I have been accused of being a troll. I'm not completely sure what is meant by that. I was sincerely interested in the reponses to this question. It bears on my self perception. I wouldn't like to think of myself as a despicable wife beater. I have contempt for such people. I hadn't thought about this for some time but when O.J. Simpson returned to the news these sort of questions arose again.

Some real data from some real study would be welcomed if only for polite debate in social situations or commentary on non-BDSM blogs. I once made a rather innocuous comment about BDSM on a fairly high minded political blog. I was shocked at the ignorance of the responders. These otherwise intelligent and informed people displayed a wide variety of misconceptions including confusing BDSM with spousal abuse. Most commenters on that blog habitually include references and study citations with their posted comments.

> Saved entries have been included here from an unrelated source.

text \<open>The chain rule applied in two ways to \<open>Y \<mapsto> W (Y F\<^sub>p\<^sup>-\<^sup>1) = W\<^sup>~ (Y\<^sup>T Y C\<^sub>p\<^sup>-\<^sup>1)\<close> at \<open>Y = F\<close>
  expresses \<open>DW(F\<^sub>e)\<close> through \<open>G = DW\<^sup>~(C C\<^sub>p\<^sup>-\<^sup>1)\<close>.\<close>
lemma grad_W_pullback:
  assumes C1: "C1_on posR3 \<Psi>"
    and W_Psi: "\<forall>Fe. det Fe > 0 \<longrightarrow>
        W Fe = \<Psi> (I1 (transpose Fe ** Fe), I2 (transpose Fe ** Fe), I3 (transpose Fe ** Fe))"
    and dF: "det F > 0" and dFp: "det Fp > 0"
  defines "Fpi \<equiv> matrix_inv Fp" and "Cpi \<equiv> matrix_inv (transpose Fp ** Fp)"
    and "G \<equiv> grad (Wtilde \<Psi>) (transpose F ** F ** matrix_inv (transpose Fp ** Fp))"
  shows "grad W (F ** Fpi) ** transpose Fpi = F ** Cpi ** transpose G + F ** G ** Cpi"
proof -
  have dFpi: "det Fpi > 0" unfolding Fpi_def using dFp by (rule det_matrix_inv_pos)
  have pullback: "Wtilde \<Psi> (transpose Y ** Y ** Cpi) = W (Y ** Fpi)" if "det Y > 0" for Y
    using W_eq_Wtilde_gram[OF W_Psi] that dFpi invariants_pullback[of Fp Y] dFp
    unfolding Cpi_def Fpi_def by (simp add: det_mul Wtilde_invariants)
  have dFe: "det (F ** Fpi) > 0" using dF dFpi by (simp add: det_mul)
  have G_deriv: "(Wtilde \<Psi> has_derivative (\<lambda>H. G \<bullet> H)) (at (transpose F ** F ** Cpi))"
    unfolding G_def Cpi_def
    by (intro grad_has_derivative Wtilde_differentiable_pullback[OF C1 dF dFp])
  have W_deriv: "(W has_derivative (\<lambda>H. grad W (F ** Fpi) \<bullet> H)) (at (F ** Fpi))"
    by (intro grad_has_derivative W_differentiable[OF C1 W_Psi dFe])
  have D1: "((\<lambda>Y. W (Y ** Fpi)) has_derivative (\<lambda>H. grad W (F ** Fpi) \<bullet> (H ** Fpi))) (at F)"
    using diff_chain_at[OF bounded_linear_imp_has_derivative[OF
          bounded_bilinear.bounded_linear_left[OF bounded_bilinear_matrix_mult]] W_deriv]
    by (simp add: o_def)
  have "((\<lambda>Y. Wtilde \<Psi> (transpose Y ** Y ** Cpi)) has_derivative
          (\<lambda>H. G \<bullet> ((transpose H ** F + transpose F ** H) ** Cpi))) (at F)"
    using diff_chain_at[OF gram_has_derivative G_deriv] by (simp add: o_def)
  then have D2: "((\<lambda>Y. W (Y ** Fpi)) has_derivative
          (\<lambda>H. G \<bullet> ((transpose H ** F + transpose F ** H) ** Cpi))) (at F)"
    by (rule has_derivative_transform_within_open[OF _ open_det_pos]) (use dF pullback in auto)
  have "grad W (F ** Fpi) \<bullet> (H ** Fpi) = G \<bullet> ((transpose H ** F + transpose F ** H) ** Cpi)" for H
    using has_derivative_unique[OF D1 D2] by metis
  moreover have "transpose Cpi = Cpi"
    unfolding Cpi_def using dFp by (simp add: inverse_gram matrix_transpose_mul)
  ultimately show ?thesis using frobenius_identity_to_matrix[of "grad W (F ** Fpi)" Fpi G F Cpi]
    by simp
qed
(* For every constant $c>0$ there is a constant $c'>0$ such that the following holds. Let $G$ be a finite simple graph with maximum degree $d\ge 1$, and let $D(G)$ be a straight-line drawing of $G$ in the base plane $\mathcal{P}_1=\{z=0\}\subset\mathbb{R}^3$ with distinct vertex positions and angular resolution at least $c/d$ (i.e., any two distinct edges incident to a common vertex form an angle at least $c/d$ in $D(G)$). Then there is a 3D arc diagram drawing of $G$ with base plane $\mathcal{P}_1$ and with the same vertex positions as $D(G)$ (so every arc projects perpendicularly onto the corresponding straight-line edge of $D(G)$) whose angular resolution is at least $c'/\sqrt{d}$.
   Context: A 3D arc diagram drawing of $G$ with base plane $\mathcal{P}_1=\{z=0\}$ is a placement of the vertices at distinct points of $\mathcal{P}_1$, together with, for each edge $e=(a,b)$, a circular arc (a contiguous subset of a circle; a straight segment is allowed as the degenerate case) with endpoints at the positions of $a$ and $b$, such that: the arc lies in the plane $\mathcal{P}_2$ containing the segment $ab$ and perpendicular to $\mathcal{P}_1$ (so the arc projects perpendicularly onto the segment $ab$ in $\mathcal{P}_1$); all arcs lie in the closed half-space $z\ge 0$; and the arc forms the same angle $\alpha_e\in[0,\pi/2]$ with the segment $ab$ at both of its endpoints. The angle between two arcs incident to a common vertex $v$ is the angle in $[0,\pi]$ between their tangent rays at $v$ (directed into the arcs). The angular resolution of the drawing is the minimum of this angle over all vertices $v$ and all pairs of distinct edges incident to $v$. The angular resolution of a 2D straight-line drawing is defined analogously using the segments themselves. *)

theory Defs
  imports "HOL-Analysis.Analysis"
begin

definition vec_angle :: "real^3 \<Rightarrow> real^3 \<Rightarrow> real" where
  "vec_angle x y = arccos ((x \<bullet> y) / (norm x * norm y))"

definition simple_graph :: "nat set \<Rightarrow> (nat \<Rightarrow> nat \<Rightarrow> bool) \<Rightarrow> bool" where
  "simple_graph V E \<longleftrightarrow> finite V \<and> (\<forall>u w. E u w \<longrightarrow> u \<in> V \<and> w \<in> V \<and> u \<noteq> w \<and> E w u)"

So for example a comment on some current controversy like No Child Left Behind policy will typically include links to formal studies of results along with the poster's personal opinion. However in BDSM matters there are very seldom any such links. This leads to BDSM posters often citing themselves as an authority. That may be accepted on this - a BDSM message board - but on a non-BDSM message board or blog it carries little weight.

I'm sorry I sound psuedo-scientific to the poster who described himself as a scientist. I worked in market research for a while. I taught statistics and research design for about five years at the graduate and under-graduate level. Some of that background remains in my ordinary discourse but I can assure you that I have forgotten almost all of what I once knew.  It's hard to be clear without sounding pompous. I probably try to be too formal so as to avoid misunderstanding.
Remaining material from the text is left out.